GT200 compute architecture
For those of you that are familiar with G80’s scalable processor array architecture, you should find it fairly easy to get to grips with what’s behind the GeForce GTX 200-series GPUs.
GT200 also uses a scalable processor array design, but some areas of the GPU have been re-engineered, while other areas have been suitably beefed up to better-cope with today’s (and tomorrow’s) 3D graphics and massively parallel processing tasks.
You see, Nvidia’s GPUs are no longer just about their 3D graphics capabilities because, with the introduction of CUDA and a slew of GPU-accelerated general computing applications, there’s much more to think about these days. And, as a matter of fact, Nvidia introduced the GT200 GPU by first talking about its general compute capabilities.
There are no two ways about it – Nvidia’s GT200 GPU is an absolute brute. It’s manufactured using TSMC’s 65nm process, features approximately 1.4 billion transistors and packs a total of 240 thread processors running at 1,296MHz (on the GeForce GTX 280) – the result is a GPU that delivers 933.12 gigaFLOPS of compute power at peak. These numbers alone make it the largest and most complex GPU ever to be made.
Nvidia's GT200 GPU - compute flow diagram
The 240 thread processors are split down into ten thread processing clusters (TPCs), with each broken down into three streaming multiprocessors (SMs) or thread processing arrays (TPAs). Threads are assigned by the thread scheduler, which talks directly to each streaming multiprocessor through a dedicated instruction unit; this then assigns tasks to one of eight thread (or stream) processors.
Each streaming multiprocessor also has its own 16KB of shared local memory – Nvidia said it included this in order to reduce external bandwidth usage as it enables the thread processors to communicate with one another directly (inside each SM) without having to leave the chip and it's also there to allow compute programs to access a local store with predictable latency. This shared local memory runs at the same clock speed as the thread processors.
Moving closer into the streaming multiprocessors, Nvidia says each thread processor inside the SM can now perform "near full speed dual-issue of multiply-add ops (MAD) and MULs.
" It achieves this by using two special function units (SFUs) in each SM to execute transcendental calculations, attribute interpolation and for performing floating point MUL instructions. So, in order to achieve this, you use the thread processor's MAD unit to perform a MUL and an ADD in the same clock, and then use the SFU to perform another MUL at the same time.
With this in mind, the units have 50 percent higher compute throughput per clock than a typical G8x thread processor (three FLOPS per clock on GT200, compared to two FLOPS per clock on G8x), meaning each GTX 280 thread processor can deliver 3.89 gigaFLOPS of single precision, IEEE 754, floating point performance.
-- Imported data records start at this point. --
(* Let $p\ge 7$ be a prime. Then $$\sum_{k=1}^{p-1}\frac{H_k}{k^2}\equiv \sum_{k=1}^{p-1}\frac{H_k^2}{k}\equiv -\frac{3}{p^2}\sum_{k=1}^{p-1}\frac{1}{k}\equiv \frac{3}{2p}\sum_{k=1}^{p-1}\frac{1}{k^2}\pmod{p^2}.$$
   Context: For positive integers $n,m$, $H_{n,m}=\sum_{k=1}^n 1/k^m$ and $H_n=H_{n,1}=\sum_{k=1}^n 1/k$; also $H_0=H_{0,m}=0$. Congruences modulo a prime power $p^e$ are taken in the ring of rational numbers whose denominators are not divisible by $p$: for such rationals $a,b$, $a\equiv b\pmod{p^e}$ means $a-b=p^e c$ with $c$ a rational whose denominator is not divisible by $p$. (The expressions $-\frac{3}{p^2}H_{p-1}$ and $\frac{3}{2p}H_{p-1,2}$ are $p$-integral for $p\ge 7$, since $p^2\mid H_{p-1}$ and $p\mid H_{p-1,2}$.) *)

theory Defs
  imports Complex_Main "HOL-Computational_Algebra.Primes"
begin

definition harm :: "nat \<Rightarrow> nat \<Rightarrow> rat" where
  "harm n m = (\<Sum>k=1..n. 1 / (of_nat k) ^ m)"

definition p_integral :: "nat \<Rightarrow> rat \<Rightarrow> bool" where
  "p_integral p c \<longleftrightarrow> \<not> (int p dvd snd (quotient_of c))"

definition rat_cong :: "rat \<Rightarrow> rat \<Rightarrow> nat \<Rightarrow> nat \<Rightarrow> bool" where
  "rat_cong a b p e \<longleftrightarrow> (\<exists>c. a - b = (of_nat p) ^ e * c \<and> p_integral p c)"

end

theory Submission
  imports Defs "HOL-Number_Theory.Number_Theory"
begin

(* We work in the ring Z_(p) of p-integral rationals and write  p_dvd e x  for
   "p^e divides x in Z_(p)"; the congruences of the theorem are p_dvd 2 of differences.
   1. Classical facts on H_{p-1,m}: power sums of 1..p-1 vanish mod p, so
      H_{p-1,m} = 0 mod p for 1 <= m <= p-2; pairing k with p-k gives
      H_{p-1,3} = 0 mod p^2 and H_{p-1} = -(p/2) H_{p-1,2} mod p^4.
   2. Exact identities for sums of harmonic numbers (by induction on n); in
      particular  3 S2 - 3 S1 + H_{p-1,3} = H_{p-1}^3, which gives S1 = S2 mod p^2.
   3. The binomial transform  T f n = sum_i (-1)^i C(n,i+1) f(i+1), which maps
      1/k to H_n and H_k/k^2 to sum H_m,2/m.  Since (-1)^k C(p-1,k) = prod_{j<=k}(1-p/j)
      = 1 - p H_k + p^2 e_2(k) mod p^3, the values of T at n = p-1 yield
      p S1 = (3/2) H_{p-1,2} mod p^3.
   The theorem then follows by chaining these congruences. *)

section \<open>The ring of p-integral rationals\<close>

locale prime_modulus =
  fixes p :: nat
  assumes prime_p: "prime p"
begin

text \<open>A concrete description of p-integrality, convenient for closure properties.\<close>
definition p_int :: "rat \<Rightarrow> bool" where
  "p_int x \<longleftrightarrow> (\<exists>a b. b \<noteq> 0 \<and> \<not> int p dvd b \<and> x = of_int a / of_int b)"

lemma p_integral_iff: "p_integral p x \<longleftrightarrow> p_int x"
proof
  assume h: "p_integral p x"
  obtain a b where q: "quotient_of x = (a,b)" by (cases "quotient_of x")
  have "b > 0" using quotient_of_denom_pos[OF q] .
  moreover have "x = of_int a / of_int b" using quotient_of_div[OF q] .
  moreover have "\<not> int p dvd b" using h q unfolding p_integral_def by simp
  ultimately show "p_int x" unfolding p_int_def by (intro exI[of _ a] exI[of _ b]) auto
next
  assume "p_int x"
  then obtain a b where ab: "b \<noteq> 0" "\<not> int p dvd b" "x = of_int a / of_int b"
    unfolding p_int_def by blast
  obtain a' b' where q: "quotient_of x = (a',b')" by (cases "quotient_of x")
  have b'_pos: "b' > 0" using quotient_of_denom_pos[OF q] .
  have "of_int a' / of_int b' = (of_int a / of_int b :: rat)" using quotient_of_div[OF q] ab by simp
  hence "of_int (a' * b) = (of_int (a * b') :: rat)" using ab(1) b'_pos by (simp add: field_simps)
  hence "a' * b = a * b'" by (simp only: of_int_eq_iff)
  hence "b' dvd a' * b" by simp
  hence "b' dvd b" using quotient_of_coprime[OF q] by (simp add: coprime_commute coprime_dvd_mult_right_iff)
  hence "\<not> int p dvd b'" using ab(2) dvd_trans by blast
  thus "p_integral p x" unfolding p_integral_def q by simp
qed

lemma p_gt_1: "p > 1" using prime_p prime_gt_1_nat by blast

lemma p_nonzero: "(of_nat p :: rat) \<noteq> 0" using p_gt_1 by simp

lemma p_int_of_int [simp]: "p_int (of_int z)"
  unfolding p_int_def using p_gt_1 by (intro exI[of _ z] exI[of _ 1]) auto

lemma p_int_of_nat [simp]: "p_int (of_nat n)"
  using p_int_of_int[of "int n"] by simp

lemma p_int_numeral [simp]: "p_int (numeral n)"
  using p_int_of_nat[of "numeral n"] by simp

lemma p_int_0 [simp]: "p_int 0" and p_int_1 [simp]: "p_int 1"
  using p_int_of_int[of 0] p_int_of_int[of 1] by simp_all

text \<open>Closure under ring operations: denominators prime to p are multiplicative.\<close>
lemma p_int_add [intro]: "p_int x \<Longrightarrow> p_int y \<Longrightarrow> p_int (x + y)"
  and p_int_mult [intro]: "p_int x \<Longrightarrow> p_int y \<Longrightarrow> p_int (x * y)"
proof -
  assume "p_int x" "p_int y"
  then obtain a b c d where h: "b \<noteq> 0" "\<not> int p dvd b" "x = of_int a / of_int b"
     "d \<noteq> 0" "\<not> int p dvd d" "y = of_int c / of_int d" unfolding p_int_def by blast
  have bd: "\<not> int p dvd b * d" using h prime_p by (simp add: prime_dvd_mult_iff)
  have "b * d \<noteq> 0" using h by simp
  moreover have "x + y = of_int (a*d + c*b) / of_int (b*d)" "x * y = of_int (a*c) / of_int (b*d)"
    using h by (simp_all add: field_simps)
  ultimately show "p_int (x + y)" "p_int (x * y)" unfolding p_int_def using bd by blast+
qed

lemma p_int_minus [intro]: "p_int x \<Longrightarrow> p_int (- x)"
  using p_int_mult[of "-1" x] p_int_of_int[of "-1"] by simp

lemma p_int_diff [intro]: "p_int x \<Longrightarrow> p_int y \<Longrightarrow> p_int (x - y)"
  using p_int_add[of x "-y"] by auto

lemma p_int_power [intro]: "p_int x \<Longrightarrow> p_int (x ^ n)"
  by (induction n) auto

lemma p_int_sum [intro]: "(\<And>i. i \<in> A \<Longrightarrow> p_int (f i)) \<Longrightarrow> p_int (sum f A)"
  by (induction A rule: infinite_finite_induct) auto

lemma p_int_inverse_nat: "0 < k \<Longrightarrow> k < p \<Longrightarrow> p_int (1 / of_nat k)"
proof -
  assume "0 < k" "k < p"
  hence "\<not> int p dvd int k" by (auto dest: zdvd_imp_le)
  moreover have "1 / of_nat k = (of_int 1 / of_int (int k) :: rat)" by simp
  ultimately show ?thesis unfolding p_int_def using \<open>0 < k\<close>
    by (intro exI[of _ 1] exI[of _ "int k"]) simp
qed

lemma p_int_divide_nat_power [intro]:
  "p_int x \<Longrightarrow> 0 < k \<Longrightarrow> k < p \<Longrightarrow> p_int (x / of_nat k ^ m)"
  using p_int_mult[OF _ p_int_power[OF p_int_inverse_nat[of k]], of x m]
  by (simp add: power_one_over)

lemma p_int_harm: "n < p \<Longrightarrow> p_int (harm n m)"
  unfolding harm_def by (intro p_int_sum) (auto intro!: p_int_divide_nat_power)

definition p_dvd :: "nat \<Rightarrow> rat \<Rightarrow> bool" where
  "p_dvd e x \<longleftrightarrow> p_int (x / of_nat p ^ e)"

lemma rat_cong_iff: "rat_cong a b p e \<longleftrightarrow> p_dvd e (a - b)"
  unfolding rat_cong_def p_dvd_def p_integral_iff
proof
  assume "\<exists>c. a - b = of_nat p ^ e * c \<and> p_int c"
  then obtain c where "a - b = of_nat p ^ e * c" "p_int c" by blast
  thus "p_int ((a - b) / of_nat p ^ e)" using p_nonzero by simp
next
  assume "p_int ((a - b) / of_nat p ^ e)"
  thus "\<exists>c. a - b = of_nat p ^ e * c \<and> p_int c" using p_nonzero
    by (intro exI[of _ "(a - b) / of_nat p ^ e"]) auto
qed

lemma p_dvd_zero [simp]: "p_dvd e 0" unfolding p_dvd_def by simp

lemma p_dvd_add [intro]: "p_dvd e x \<Longrightarrow> p_dvd e y \<Longrightarrow> p_dvd e (x + y)"
  unfolding p_dvd_def using p_int_add by (simp add: add_divide_distrib)

lemma p_dvd_minus [intro]: "p_dvd e x \<Longrightarrow> p_dvd e (- x)"
  unfolding p_dvd_def using p_int_minus by simp

lemma p_dvd_diff [intro]: "p_dvd e x \<Longrightarrow> p_dvd e y \<Longrightarrow> p_dvd e (x - y)"
  using p_dvd_add[of e x "-y"] by auto

lemma p_dvd_sum [intro]: "(\<And>i. i \<in> A \<Longrightarrow> p_dvd e (f i)) \<Longrightarrow> p_dvd e (sum f A)"
  by (induction A rule: infinite_finite_induct) auto

lemma p_dvd_mult_left [intro]: "p_dvd e x \<Longrightarrow> p_int c \<Longrightarrow> p_dvd e (c * x)"
  unfolding p_dvd_def using p_int_mult[of c "x / of_nat p ^ e"] by simp

lemma p_dvd_mult_right [intro]: "p_dvd e x \<Longrightarrow> p_int c \<Longrightarrow> p_dvd e (x * c)"
  by (metis p_dvd_mult_left mult.commute)

lemma p_dvd_mult: "p_dvd e x \<Longrightarrow> p_dvd f y \<Longrightarrow> p_dvd (e + f) (x * y)"
  unfolding p_dvd_def using p_int_mult[of "x / of_nat p ^ e" "y / of_nat p ^ f"]
  by (simp add: power_add)

lemma p_dvd_power_p [intro]: "p_dvd e (of_nat p ^ e)"
  unfolding p_dvd_def using p_nonzero by simp

lemma p_dvd_mult_power_p: "p_dvd e x \<Longrightarrow> p_dvd (f + e) (of_nat p ^ f * x)"
  using p_dvd_mult[OF p_dvd_power_p] .

lemma p_dvd_divide_nat_power [intro]:
  "p_dvd e x \<Longrightarrow> 0 < k \<Longrightarrow> k < p \<Longrightarrow> p_dvd e (x / of_nat k ^ m)"
  unfolding p_dvd_def using p_int_divide_nat_power[of "x / of_nat p ^ e" k m]
  by (simp add: mult.commute)

lemma p_dvd_mono: "e \<le> f \<Longrightarrow> p_dvd f x \<Longrightarrow> p_dvd e x"
proof -
  assume "e \<le> f" "p_dvd f x"
  then obtain d where "f = e + d" by (metis le_add_diff_inverse)
  hence "x / of_nat p ^ e = (x / of_nat p ^ f) * of_nat (p ^ d)" using p_nonzero
    by (simp add: power_add field_simps)
  thus "p_dvd e x" using \<open>p_dvd f x\<close> unfolding p_dvd_def by (metis p_int_mult p_int_of_nat)
qed

lemma p_dvd_divide_power_p: "p_dvd (e + f) x \<Longrightarrow> p_dvd e (x / of_nat p ^ f)"
  unfolding p_dvd_def by (simp add: power_add divide_divide_eq_left mult.commute)

lemma p_dvd_of_int: "int p dvd z \<Longrightarrow> p_dvd 1 (of_int z)"
  unfolding p_dvd_def using p_nonzero by (auto elim!: dvdE)

lemma rat_cong_sym: "rat_cong a b p e \<Longrightarrow> rat_cong b a p e"
  unfolding rat_cong_iff using p_dvd_minus[of e "a - b"] by simp

lemma rat_cong_trans: "rat_cong a b p e \<Longrightarrow> rat_cong b c p e \<Longrightarrow> rat_cong a c p e"
  unfolding rat_cong_iff using p_dvd_add[of e "a - b" "b - c"] by simp

end

text \<open>Most of the development needs 2 and 3 to be invertible and p - 1 not to divide 4.\<close>
locale prime_ge_7 = prime_modulus +
  assumes p_ge_7: "p \<ge> 7"
begin

lemma p_int_half: "p_int (1/2)"
  using p_int_inverse_nat[of 2] p_ge_7 by simp

lemma p_int_third: "p_int (1/3)"
  using p_int_inverse_nat[of 3] p_ge_7 by simp

end

section \<open>Generalized harmonic numbers H_{p-1,m} modulo powers of p\<close>

context prime_modulus
begin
On the other hand, G80’s thread processors could only work on one MAD operation per clock in most situations, but there were a select few scenarios where you could dual-issue MAD and MUL ops.
In addition to this, the thread processors now feature support for double precision, but this requires a dedicated execution unit and these tasks run at one twelfth speed. The unit can handle one double precision MAD per clock (there's no dual-issue MAD+MUL), meaning the maximum throughput for the GPU when it's only processing double precision calculations is 77.76 GigaFLOPS.
What's more, you can only allocate single or double precision operations to each thread processing cluster – you can’t increase the granularity any further than this, meaning you can’t assign double precision ops to a single streaming multiprocessor.
Part of the reason for this is the eight texture units and local L1 texture cache inside each TPC. At this point, you’re probably wondering why I’ve mentioned texture units in the parallel computing side of GT200’s architecture – the reason is because they’re still used for various filtering operations when the GPU is running in compute mode. The texture units themselves run at a lower clock speed to the rest of the TPC – they actually run at 602MHz on the GeForce GTX 280 and this is defined by Nvidia as the ‘core’ clock.
Moving further down the compute pipeline, Nvidia also includes four ‘Atomic’ units – these are designed to handle certain atomic read-modify-write commands with direct access to the memory. These operations bypass the chip’s caches altogether and the atomic unit provides granular access to memory locations, facilitating parallel reductions and parallel data structure management.
I've asked Nvidia for more information on the atomic units' capabilities, including how many data exports per clock we can expect with 64-bit and 128-bit values and also what clock speed they run at, but until now the company has been reluctant to provide any more detail.